Support, history of Genesee Justice motivated director to ensure division saved
Ed Minardo will be out of a job come Jan. 1, but Genesee Justice will carry on.
"It was certainly in my mind, 'Not on my watch,'" Minardo said after learning that County Manager Jay Gsell would recommend to the legislature that Minardo's plan to cut staff hours and eliminate his own job be approved.
And the legislature did just that Monday evening.
"I didn't want to see Genesee Justice and the great history of Judge Call (former Sheriff Doug Call) and Dennis (Wittman, founding GJ director), and the love and caring they put into it, evaporate into a memory."
Minardo said he was also motivated by the firm support Genesee Justice received from the legal community, including defense attorneys, prosecutors and judges.
"That's one of the things that made me fight so hard," Minardo said. "There was an unprecedented outpouring of support from what is supposed to be a formal legal community.

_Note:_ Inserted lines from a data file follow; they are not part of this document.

lemma expectation_add:
  assumes "\<rho> \<in> carrier_mat n n" "A \<in> carrier_mat n n" "B \<in> carrier_mat n n"
  shows "expectation \<rho> (A + B) = expectation \<rho> A + expectation \<rho> B"
  unfolding expectation_def mult_add_distrib_mat[OF assms] using assms
  by (simp add: mtrace_def sum.distrib)

lemma expectation_diff:
  assumes "\<rho> \<in> carrier_mat n n" "A \<in> carrier_mat n n" "B \<in> carrier_mat n n"
  shows "expectation \<rho> (A - B) = expectation \<rho> A - expectation \<rho> B"
  unfolding expectation_def mult_minus_distrib_mat[OF assms] using assms
  by (simp add: mtrace_def sum_subtractf)

lemma expectation_scale:
  assumes "\<rho> \<in> carrier_mat n n" "A \<in> carrier_mat n n"
  shows "expectation \<rho> (complex_of_real x \<cdot>\<^sub>m A) = x * expectation \<rho> A"
  unfolding expectation_def mult_smult_distrib[OF assms] using assms
  by (simp add: mtrace_def sum_distrib_left)

lemma msum_Cons: "msum N (M # Ms) = M + msum N Ms"
  by (simp add: msum_def)

lemma msum_carrier:
  "\<forall>M\<in>set Ms. M \<in> carrier_mat (2^N) (2^N) \<Longrightarrow> msum N Ms \<in> carrier_mat (2^N) (2^N)"
  by (induction Ms) (auto simp: msum_def)

lemma conjugate_by_msum:
  assumes "U \<in> carrier_mat (2^N) (2^N)" "\<forall>M\<in>set Ms. M \<in> carrier_mat (2^N) (2^N)"
  shows "conjugate_by U (msum N Ms) = msum N (map (conjugate_by U) Ms)"
  using assms(2)
proof (induction Ms)
  case Nil
  then show ?case
    using assms(1) by (simp add: msum_def conjugate_by_def)
next
  case (Cons M Ms)
  then show ?case
    using assms(1) by (simp add: msum_Cons conjugate_by_add msum_carrier)
qed

lemma expectation_msum:
  assumes "\<rho> \<in> carrier_mat (2^N) (2^N)" "\<forall>M\<in>set Ms. M \<in> carrier_mat (2^N) (2^N)"
  shows "expectation \<rho> (msum N Ms) = (\<Sum>M\<leftarrow>Ms. expectation \<rho> M)"
  using assms(2)
proof (induction Ms)
  case Nil
  then show ?case
    using assms(1) by (simp add: msum_def expectation_def mtrace_def)
next
  case (Cons M Ms)
  then show ?case
    using assms(1) by (simp add: msum_Cons expectation_add msum_carrier)
qed

lemma sum_list_map_concat: "(\<Sum>x\<leftarrow>concat xss. f x) = (\<Sum>xs\<leftarrow>xss. \<Sum>x\<leftarrow>xs. f x)"
  by (induction xss) simp_all

lemma expectation_conjugate_by_msum:
  assumes "\<rho> \<in> carrier_mat (2^N) (2^N)" "U \<in> carrier_mat (2^N) (2^N)"
    and "\<forall>M\<in>set Ms. M \<in> carrier_mat (2^N) (2^N)"
  shows "expectation \<rho> (conjugate_by U (msum N Ms)) = (\<Sum>M\<leftarrow>Ms. expectation \<rho> (conjugate_by U M))"
  using assms by (simp add: conjugate_by_msum expectation_msum comp_def)

section \<open>Single-qubit operators\<close>

text \<open>The operator acting as the \<open>2 \<times> 2\<close> matrix \<open>f\<close> (indexed by bit values) on qubit \<open>a\<close>
  and as the identity on all other qubits: entry \<open>(r, c)\<close> is \<open>f (bit r a) (bit c a)\<close> when the
  basis indices \<open>r\<close> and \<open>c\<close> agree outside bit \<open>a\<close>, and \<open>0\<close> otherwise.\<close>

definition qubit_op :: "nat \<Rightarrow> nat \<Rightarrow> (bool \<Rightarrow> bool \<Rightarrow> complex) \<Rightarrow> complex mat" where
  "qubit_op N a f = mat (2^N) (2^N)
     (\<lambda>(r, c). if c = r \<or> c = flip_bit a r then f (bit r a) (bit c a) else 0)"

lemma qubit_op_carrier [simp]: "qubit_op N a f \<in> carrier_mat (2^N) (2^N)"
  and qubit_op_dim [simp]: "dim_row (qubit_op N a f) = 2^N" "dim_col (qubit_op N a f) = 2^N"
  by (simp_all add: qubit_op_def)

lemma qubit_op_index [simp]:
  "r < 2^N \<Longrightarrow> c < 2^N \<Longrightarrow>
   qubit_op N a f $$ (r, c) = (if c = r \<or> c = flip_bit a r then f (bit r a) (bit c a) else 0)"
  by (simp add: qubit_op_def)

lemma qubit_op_eqI:
  assumes "f False False = g False False" "f False True = g False True"
    and "f True False = g True False" "f True True = g True True"
  shows "qubit_op N a f = qubit_op N a g"
proof -
  have "f x y = g x y" for x y
    using assms by (cases x; cases y) simp_all
  then show ?thesis
    by presburger
qed

lemma qubit_op_mult_index:
  assumes "a < N" "B \<in> carrier_mat (2^N) m" "r < 2^N" "c < m"
  shows "(qubit_op N a f * B) $$ (r, c)
           = f (bit r a) (bit r a) * B $$ (r, c) + f (bit r a) (\<not> bit r a) * B $$ (flip_bit a r, c)"
proof -
  have fr: "flip_bit a r < 2^N"
    using assms by (simp add: flip_bit_less_exp)
  have "(qubit_op N a f * B) $$ (r, c) = (\<Sum>k\<in>{..<2^N}. qubit_op N a f $$ (r, k) * B $$ (k, c))"
    using assms by (simp add: scalar_prod_def atLeast0LessThan)
  also have "\<dots> = (\<Sum>k\<in>{r, flip_bit a r}. qubit_op N a f $$ (r, k) * B $$ (k, c))"
    by (rule sum.mono_neutral_right) (use assms fr in auto)
  finally show ?thesis
    using assms fr by simp
qed

lemma qubit_op_mult:
  assumes "a < N"
  shows "qubit_op N a f * qubit_op N a g = qubit_op N a (\<lambda>x z. \<Sum>y\<in>UNIV. f x y * g y z)"
proof (rule eq_matI)
  fix r c assume "r < dim_row (qubit_op N a (\<lambda>x z. \<Sum>y\<in>UNIV. f x y * g y z))"
    "c < dim_col (qubit_op N a (\<lambda>x z. \<Sum>y\<in>UNIV. f x y * g y z))"
  then have rc: "r < 2^N" "c < 2^N" by simp_all
  have fr: "flip_bit a r < 2^N"
    using rc assms by (simp add: flip_bit_less_exp)
  consider "c = r" | "c = flip_bit a r" | "c \<noteq> r" "c \<noteq> flip_bit a r"
    by blast
  then show "(qubit_op N a f * qubit_op N a g) $$ (r, c) = qubit_op N a (\<lambda>x z. \<Sum>y\<in>UNIV. f x y * g y z) $$ (r, c)"
    unfolding qubit_op_mult_index[OF assms qubit_op_carrier rc]
    by cases (use rc fr in \<open>cases "bit r a"; simp add: UNIV_bool add.commute\<close>)+
qed auto

lemma qubit_op_commute:
  assumes "a < N" "b < N" "a \<noteq> b"
  shows "qubit_op N a f * qubit_op N b g = qubit_op N b g * qubit_op N a f"
proof (rule eq_matI)
  fix r c assume "r < dim_row (qubit_op N b g * qubit_op N a f)" "c < dim_col (qubit_op N b g * qubit_op N a f)"
  then have rc: "r < 2^N" "c < 2^N" by simp_all
  have fr: "flip_bit a r < 2^N" "flip_bit b r < 2^N"
    using rc assms by (simp_all add: flip_bit_less_exp)
  consider "c = r" | "c = flip_bit a r" | "c = flip_bit b r" | "c = flip_bit a (flip_bit b r)"
    | "c \<noteq> r" "c \<noteq> flip_bit a r" "c \<noteq> flip_bit b r" "c \<noteq> flip_bit a (flip_bit b r)"
    by blast
  then show "(qubit_op N a f * qubit_op N b g) $$ (r, c) = (qubit_op N b g * qubit_op N a f) $$ (r, c)"
    unfolding qubit_op_mult_index[OF assms(1) qubit_op_carrier rc]
      qubit_op_mult_index[OF assms(2) qubit_op_carrier rc]
    by cases (use assms rc fr in \<open>simp_all add: flip_bit_commute[of b a]\<close>)
qed auto

lemma qubit_op_adjoint: "mat_adjoint (qubit_op N a f) = qubit_op N a (\<lambda>x y. cnj (f y x))"
proof (rule eq_matI)
  fix r c assume "r < dim_row (qubit_op N a (\<lambda>x y. cnj (f y x)))" "c < dim_col (qubit_op N a (\<lambda>x y. cnj (f y x)))"
  then have rc: "r < 2^N" "c < 2^N" by simp_all
  have "r = c \<or> r = flip_bit a c \<longleftrightarrow> c = r \<or> c = flip_bit a r" by auto
  then show "mat_adjoint (qubit_op N a f) $$ (r, c) = qubit_op N a (\<lambda>x y. cnj (f y x)) $$ (r, c)"
    using rc by simp
qed simp_all

lemma qubit_op_one: "qubit_op N a (\<lambda>x y. if x = y then 1 else 0) = 1\<^sub>m (2^N)"
  by (rule eq_matI) auto

lemma conjugate_by_qubit_op:
  assumes "a < N"
  shows "conjugate_by (qubit_op N a u) (qubit_op N a f)
           = qubit_op N a (\<lambda>x z. \<Sum>y\<in>UNIV. \<Sum>w\<in>UNIV. cnj (u y x) * f y w * u w z)"
  unfolding conjugate_by_def qubit_op_adjoint qubit_op_mult[OF assms]
  by (rule qubit_op_eqI) (simp_all add: UNIV_bool algebra_simps)

lemma sigma_z_eq_qubit_op: "sigma_z N j = qubit_op N j (\<lambda>x y. if x = y then (if x then -1 else 1) else 0)"
  by (rule eq_matI) (auto simp: sigma_z_def)

lemma sigma_z_rot_eq_qubit_op:
  "sigma_z_rot N j t = qubit_op N j
     (\<lambda>x y. if x = y then (if x then - cos t else cos t) else - sin t)"
  by (rule eq_matI) (auto simp: sigma_z_rot_def sigma_z_def sigma_x_def)

lemma U_loc_eq_qubit_op:
  "U_loc N j t = qubit_op N j
     (\<lambda>x y. if x = y then cos (t/2) else if x then sin (t/2) else - sin (t/2))"
  by (rule eq_matI) (auto simp: U_loc_def sigma_y_def idm_def mult.assoc mult.left_commute[of \<i>])

lemma U_loc_carrier [simp]: "U_loc N j t \<in> carrier_mat (2^N) (2^N)"
  and sigma_z_carrier [simp]: "sigma_z N j \<in> carrier_mat (2^N) (2^N)"
  and sigma_x_carrier [simp]: "sigma_x N j \<in> carrier_mat (2^N) (2^N)"
  and sigma_z_rot_carrier [simp]: "sigma_z_rot N j t \<in> carrier_mat (2^N) (2^N)"
  by (simp_all add: U_loc_eq_qubit_op sigma_z_eq_qubit_op sigma_z_rot_eq_qubit_op sigma_x_def)

lemma sigma_z_rot_commute:
  assumes "a < N" "b < N" "a \<noteq> b"
  shows "sigma_z_rot N a \<alpha> * sigma_z_rot N b \<beta> = sigma_z_rot N b \<beta> * sigma_z_rot N a \<alpha>"
  unfolding sigma_z_rot_eq_qubit_op using assms by (rule qubit_op_commute)

lemma U_loc_unitary:
  assumes "a < N"
  shows "mat_adjoint (U_loc N a t) * U_loc N a t = 1\<^sub>m (2^N)"
proof -
  define c s where "c = complex_of_real (cos (t/2))" and "s = complex_of_real (sin (t/2))"
  have "sin (t/2) * sin (t/2) = 1 - cos (t/2) * cos (t/2)"
    using sin_cos_squared_add3[of "t/2"] by linarith
  then have s_sq: "s * s = 1 - c * c"
    unfolding c_def s_def by (metis of_real_1 of_real_diff of_real_mult)
  show ?thesis
    unfolding U_loc_eq_qubit_op qubit_op_adjoint qubit_op_mult[OF assms] qubit_op_one[symmetric, of N a]
    by (rule qubit_op_eqI) (simp_all add: UNIV_bool s_sq flip: c_def s_def)
qed

lemma conjugate_by_U_loc_sigma_z:
  assumes "j < N"
  shows "conjugate_by (U_loc N j t) (sigma_z N j) = sigma_z_rot N j t"
proof -
  define c s where "c = complex_of_real (cos (t/2))" and "s = complex_of_real (sin (t/2))"
  have double_angle: "complex_of_real (cos t) = c * c - s * s" "complex_of_real (sin t) = 2 * s * c"
    using cos_double[of "t/2"] sin_double[of "t/2"]
    unfolding c_def s_def by (simp_all add: power2_eq_square)
  show ?thesis
    unfolding U_loc_eq_qubit_op sigma_z_eq_qubit_op sigma_z_rot_eq_qubit_op conjugate_by_qubit_op[OF assms]
    by (rule qubit_op_eqI) (simp_all add: UNIV_bool double_angle algebra_simps flip: c_def s_def)
qed

lemma conjugate_by_U_loc_other_qubit:
  assumes "a < N" "j < N" "a \<noteq> j"
  shows "conjugate_by (U_loc N a t) (qubit_op N j f) = qubit_op N j f"
proof (rule conjugate_by_commuting)
  show "qubit_op N j f * U_loc N a t = U_loc N a t * qubit_op N j f"
    unfolding U_loc_eq_qubit_op using assms by (simp add: qubit_op_commute)
qed (simp_all add: U_loc_unitary assms)

section \<open>The feedback unitary\<close>

definition U_prod :: "nat \<Rightarrow> (nat \<Rightarrow> real) \<Rightarrow> nat list \<Rightarrow> complex mat" where
  "U_prod N \<theta> js = foldr (\<lambda>j M. U_loc N j (\<theta> j) * M) js (idm N)"

lemma U_prod_Nil [simp]: "U_prod N \<theta> [] = 1\<^sub>m (2^N)"
  and U_prod_Cons [simp]: "U_prod N \<theta> (j # js) = U_loc N j (\<theta> j) * U_prod N \<theta> js"
  by (simp_all add: U_prod_def idm_def)

lemma U_fb_eq_U_prod: "U_fb N \<theta> = U_prod N \<theta> [0..<N]"
  by (simp add: U_fb_def U_prod_def)

lemma U_prod_carrier [simp]: "U_prod N \<theta> js \<in> carrier_mat (2^N) (2^N)"
  by (induction js) simp_all

lemma U_fb_carrier [simp]: "U_fb N \<theta> \<in> carrier_mat (2^N) (2^N)"
  by (simp add: U_fb_eq_U_prod)

lemma U_prod_unitary:
  assumes "set js \<subseteq> {..<N}"
  shows "mat_adjoint (U_prod N \<theta> js) * U_prod N \<theta> js = 1\<^sub>m (2^N)"
  using assms
proof (induction js)
  case (Cons a js)
  have "mat_adjoint (U_prod N \<theta> (a # js)) * U_prod N \<theta> (a # js)
          = conjugate_by (U_prod N \<theta> (a # js)) (1\<^sub>m (2^N))"
    by (simp add: conjugate_by_one)
  also have "\<dots> = conjugate_by (U_prod N \<theta> js) (conjugate_by (U_loc N a (\<theta> a)) (1\<^sub>m (2^N)))"
    by (simp add: conjugate_by_mult_left[of _ "2^N"])
  also have "\<dots> = 1\<^sub>m (2^N)"
    using Cons by (simp add: conjugate_by_one U_loc_unitary)
  finally show ?case .
qed simp

lemma conjugate_by_U_prod_qubit_op:
  assumes "distinct js" "set js \<subseteq> {..<N}" "j < N"
  shows "conjugate_by (U_prod N \<theta> js) (qubit_op N j f)
           = (if j \<in> set js then conjugate_by (U_loc N j (\<theta> j)) (qubit_op N j f) else qubit_op N j f)"
  using assms(1,2)
proof (induction js arbitrary: f)
  case Nil
  then show ?case
    by (simp add: conjugate_by_def)
next
  case (Cons a js)
  have step: "conjugate_by (U_prod N \<theta> (a # js)) (qubit_op N j f)
      = conjugate_by (U_prod N \<theta> js) (conjugate_by (U_loc N a (\<theta> a)) (qubit_op N j f))"
    by (simp add: conjugate_by_mult_left[of _ "2^N"])
  show ?case
  proof (cases "a = j")
    case True
    obtain g where "conjugate_by (U_loc N j (\<theta> j)) (qubit_op N j f) = qubit_op N j g"
      unfolding U_loc_eq_qubit_op conjugate_by_qubit_op[OF assms(3)] by blast
    then show ?thesis
      unfolding step using Cons True by simp
  next
    case False
    then show ?thesis
      unfolding step using Cons assms(3) by (simp add: conjugate_by_U_loc_other_qubit)
  qed
qed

The were going outside their comfort zones to express appreciation for the programs we run and the good work of our staff."
With approval of the labor union representing staff at Genesee Justice signing off on the plan to reduce work ours, Gsell was apparently able to find enough cost savings to make Minardo's plan "budget neutral," meaning it won't increase expenses for the county.
When Gsell first presented his draft budget to the legislature, it called for closing Genesee Justice as a division of the Sheriff's Office and moving many of its functions to the probation department.
At a public hearing, members of the legal community and crime victims assisted by Genesee Justice came forward and encouraged the legislature to protect the pioneering restorative justice program.
Next up for Minardo: Put together a non-profit foundation that will raise money to fill the budget gap for full Genesee Justice operations, including reinstating his job as director.